[[ THE DATA open ]]

lemma qform_tensor_pow_psd:
  fixes v :: "'j \<Rightarrow> nat \<times> nat \<Rightarrow> complex"
  assumes "finite Js" "\<And>j. j \<in> Js \<Longrightarrow> 0 \<le> c j"
    and M: "\<And>u u'. u \<in> T \<times> T \<Longrightarrow> u' \<in> T \<times> T \<Longrightarrow>
      M u u' = (\<Sum>j\<in>Js. of_real (c j) * (v j u * cnj (v j u')))"
  shows "cnonneg (qform (nlists n T) (nlists n T) (tensor_pow M n) \<psi>)"
proof -
  let ?L = "nlists n T"
  define V where "V js = (\<lambda>(xs, ys). \<Prod>k<n. v (js!k) (xs!k, ys!k))" for js
  define C where "C js = (\<Prod>k<n. c (js!k))" for js
  have "tensor_pow M n u u' = (\<Sum>js\<in>nlists n Js. of_real (C js) * (V js u * cnj (V js u')))"
    if "u \<in> ?L \<times> ?L" "u' \<in> ?L \<times> ?L" for u u'
  proof -
    obtain xs ys xs' ys' where uu: "u = (xs, ys)" "u' = (xs', ys')"
      by (cases u, cases u') auto
    have "tensor_pow M n u u' = (\<Prod>k<n. \<Sum>j\<in>Js.
        of_real (c j) * (v j (xs!k, ys!k) * cnj (v j (xs'!k, ys'!k))))"
      unfolding tensor_pow_def uu prod.case
      using that by (intro prod.cong refl M) (auto simp: uu nlistsE_nth_in)
    also have "\<dots> = (\<Sum>js\<in>nlists n Js. of_real (C js) * (V js u * cnj (V js u')))"
      unfolding prod_sum_nlists[OF assms(1)] uu V_def C_def by (simp add: prod.distrib)
    finally show ?thesis .
  qed
  then have eq: "qform ?L ?L (tensor_pow M n) \<psi> =
      (\<Sum>js\<in>nlists n Js. of_real (C js * (cmod (\<Sum>u\<in>?L \<times> ?L. cnj (V js u) * \<psi> u))\<^sup>2))"
    by (subst qform_rank_one[symmetric], subst qform_sum[symmetric], intro qform_cong) auto
  have "0 \<le> C js" if "js \<in> nlists n Js" for js
    unfolding C_def using assms(2) that by (auto intro!: prod_nonneg simp: nlistsE_nth_in)
  then show ?thesis
    unfolding eq by (intro cnonneg_sum cnonneg_of_real mult_nonneg_nonneg) auto
qed
lemma proj_perp_diff [simp]: "proj_perp v (x - y) = proj_perp v x - proj_perp v y"
  by (simp add: proj_perp_def inner_diff_right algebra_simps)

lemma proj_perp_scaleR [simp]: "proj_perp v (c *\<^sub>R x) = c *\<^sub>R proj_perp v x"
  by (simp add: proj_perp_def algebra_simps)

lemma proj_perp_minus [simp]: "proj_perp v (- x) = - proj_perp v x"
  by (simp add: proj_perp_def)

lemma proj_perp_orthogonal: "v \<bullet> e = 0 \<Longrightarrow> proj_perp v e = e"
  by (simp add: proj_perp_def)

lemma proj_perp_decomp: "x = (v \<bullet> x) *\<^sub>R v + proj_perp v x"
  by (simp add: proj_perp_def)

lemma lorentz_add: "x \<in> lorentz v \<Longrightarrow> y \<in> lorentz v \<Longrightarrow> x + y \<in> lorentz v"
  unfolding mem_lorentz_iff
  using norm_triangle_ineq[of "proj_perp v x" "proj_perp v y"] by (simp add: inner_add_right)

lemma lorentz_scaleR: "x \<in> lorentz v \<Longrightarrow> 0 \<le> c \<Longrightarrow> c *\<^sub>R x \<in> lorentz v"
  unfolding mem_lorentz_iff by (simp add: mult_left_mono)

lemma zero_mem_lorentz [simp]: "0 \<in> lorentz v"
  by (simp add: mem_lorentz_iff proj_perp_def)

lemma preorder_cone_lorentz: "preorder_cone (lorentz v)"
  unfolding preorder_cone_def using lorentz_add lorentz_scaleR by auto

lemma inner_nonneg_lorentz: "x \<in> lorentz v \<Longrightarrow> 0 \<le> v \<bullet> x"
  unfolding mem_lorentz_iff using norm_ge_zero order_trans by blast

lemma closed_lorentz: "closed (lorentz v)"
  unfolding lorentz_def by (intro closed_Collect_le continuous_intros)

locale unit_vector =
  fixes v :: "'a::real_inner"
  assumes norm_v: "norm v = 1"
begin

lemma inner_v_v [simp]: "v \<bullet> v = 1"
  using norm_v by (simp add: norm_eq_sqrt_inner)

lemma inner_v_proj_perp [simp]: "v \<bullet> proj_perp v x = 0"
  by (simp add: proj_perp_def inner_diff_right)

lemma proj_perp_v [simp]: "proj_perp v v = 0"
  by (simp add: proj_perp_def)

lemma inner_decomp: "x \<bullet> y = (v \<bullet> x) * (v \<bullet> y) + proj_perp v x \<bullet> proj_perp v y"
proof -
  have "x \<bullet> y = ((v \<bullet> x) *\<^sub>R v + proj_perp v x) \<bullet> ((v \<bullet> y) *\<^sub>R v + proj_perp v y)"
    by (simp flip: proj_perp_decomp)
  also have "\<dots> = (v \<bullet> x) * (v \<bullet> y) + proj_perp v x \<bullet> proj_perp v y"
    by (simp add: inner_add_left inner_add_right algebra_simps inner_commute)
  finally show ?thesis .
qed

[[ THE DATA closed ]]

◆ PROBLEM DESCRIPTION ◆
Repeat the records exactly, including every line.

◆ TASK OUTPUT ◆
lemma qform_tensor_pow_psd:
  fixes v :: "'j \<Rightarrow> nat \<times> nat \<Rightarrow> complex"
  assumes "finite Js" "\<And>j. j \<in> Js \<Longrightarrow> 0 \<le> c j"
    and M: "\<And>u u'. u \<in> T \<times> T \<Longrightarrow> u' \<in> T \<times> T \<Longrightarrow>
      M u u' = (\<Sum>j\<in>Js. of_real (c j) * (v j u * cnj (v j u')))"
  shows "cnonneg (qform (nlists n T) (nlists n T) (tensor_pow M n) \<psi>)"
proof -
  let ?L = "nlists n T"
  define V where "V js = (\<lambda>(xs, ys). \<Prod>k<n. v (js!k) (xs!k, ys!k))" for js
  define C where "C js = (\<Prod>k<n. c (js!k))" for js
  have "tensor_pow M n u u' = (\<Sum>js\<in>nlists n Js. of_real (C js) * (V js u * cnj (V js u')))"
    if "u \<in> ?L \<times> ?L" "u' \<in> ?L \<times> ?L" for u u'
  proof -
    obtain xs ys xs' ys' where uu: "u = (xs, ys)" "u' = (xs', ys')"
      by (cases u, cases u') auto
    have "tensor_pow M n u u' = (\<Prod>k<n. \<Sum>j\<in>Js.
        of_real (c j) * (v j (xs!k, ys!k) * cnj (v j (xs'!k, ys'!k))))"
      unfolding tensor_pow_def uu prod.case
      using that by (intro prod.cong refl M) (auto simp: uu nlistsE_nth_in)
    also have "\<dots> = (\<Sum>js\<in>nlists n Js. of_real (C js) * (V js u * cnj (V js u')))"
      unfolding prod_sum_nlists[OF assms(1)] uu V_def C_def by (simp add: prod.distrib)
    finally show ?thesis .
  qed
  then have eq: "qform ?L ?L (tensor_pow M n) \<psi> =
      (\<Sum>js\<in>nlists n Js. of_real (C js * (cmod (\<Sum>u\<in>?L \<times> ?L. cnj (V js u) * \<psi> u))\<^sup>2))"
    by (subst qform_rank_one[symmetric], subst qform_sum[symmetric], intro qform_cong) auto
  have "0 \<le> C js" if "js \<in> nlists n Js" for js
    unfolding C_def using assms(2) that by (auto intro!: prod_nonneg simp: nlistsE_nth_in)
  then show ?thesis
    unfolding eq by (intro cnonneg_sum cnonneg_of_real mult_nonneg_nonneg) auto
qed
lemma proj_perp_diff [simp]: "proj_perp v (x - y) = proj_perp v x - proj_perp v y"
  by (simp add: proj_perp_def inner_diff_right algebra_simps)

lemma proj_perp_scaleR [simp]: "proj_perp v (c *\<^sub>R x) = c *\<^sub>R proj_perp v x"
  by (simp add: proj_perp_def algebra_simps)

lemma proj_perp_minus [simp]: "proj_perp v (- x) = - proj_perp v x"
  by (simp add: proj_perp_def)

lemma proj_perp_orthogonal: "v \<bullet> e = 0 \<Longrightarrow> proj_perp v e = e"
  by (simp add: proj_perp_def)

lemma proj_perp_decomp: "x = (v \<bullet> x) *\<^sub>R v + proj_perp v x"
  by (simp add: proj_perp_def)

lemma lorentz_add: "x \<in> lorentz v \<Longrightarrow> y \<in> lorentz v \<Longrightarrow> x + y \<in> lorentz v"
  unfolding mem_lorentz_iff
  using norm_triangle_ineq[of "proj_perp v x" "proj_perp v y"] by (simp add: inner_add_right)

lemma lorentz_scaleR: "x \<in> lorentz v \<Longrightarrow> 0 \<le> c \<Longrightarrow> c *\<^sub>R x \<in> lorentz v"
  unfolding mem_lorentz_iff by (simp add: mult_left_mono)

lemma zero_mem_lorentz [simp]: "0 \<in> lorentz v"
  by (simp add: mem_lorentz_iff proj_perp_def)

lemma preorder_cone_lorentz: "preorder_cone (lorentz v)"
  unfolding preorder_cone_def using lorentz_add lorentz_scaleR by auto

lemma inner_nonneg_lorentz: "x \<in> lorentz v \<Longrightarrow> 0 \<le> v \<bullet> x"
  unfolding mem_lorentz_iff using norm_ge_zero order_trans by blast

lemma closed_lorentz: "closed (lorentz v)"
  unfolding lorentz_def by (intro closed_Collect_le continuous_intros)

locale unit_vector =
  fixes v :: "'a::real_inner"
  assumes norm_v: "norm v = 1"
begin

lemma inner_v_v [simp]: "v \<bullet> v = 1"
  using norm_v by (simp add: norm_eq_sqrt_inner)

lemma inner_v_proj_perp [simp]: "v \<bullet> proj_perp v x = 0"
  by (simp add: proj_perp_def inner_diff_right)

lemma proj_perp_v [simp]: "proj_perp v v = 0"
  by (simp add: proj_perp_def)

lemma inner_decomp: "x \<bullet> y = (v \<bullet> x) * (v \<bullet> y) + proj_perp v x \<bullet> proj_perp v y"
proof -
  have "x \<bullet> y = ((v \<bullet> x) *\<^sub>R v + proj_perp v x) \<bullet> ((v \<bullet> y) *\<^sub>R v + proj_perp v y)"
    by (simp flip: proj_perp_decomp)
  also have "\<dots> = (v \<bullet> x) * (v \<bullet> y) + proj_perp v x \<bullet> proj_perp v y"
    by (simp add: inner_add_left inner_add_right algebra_simps inner_commute)
  finally show ?thesis .
qed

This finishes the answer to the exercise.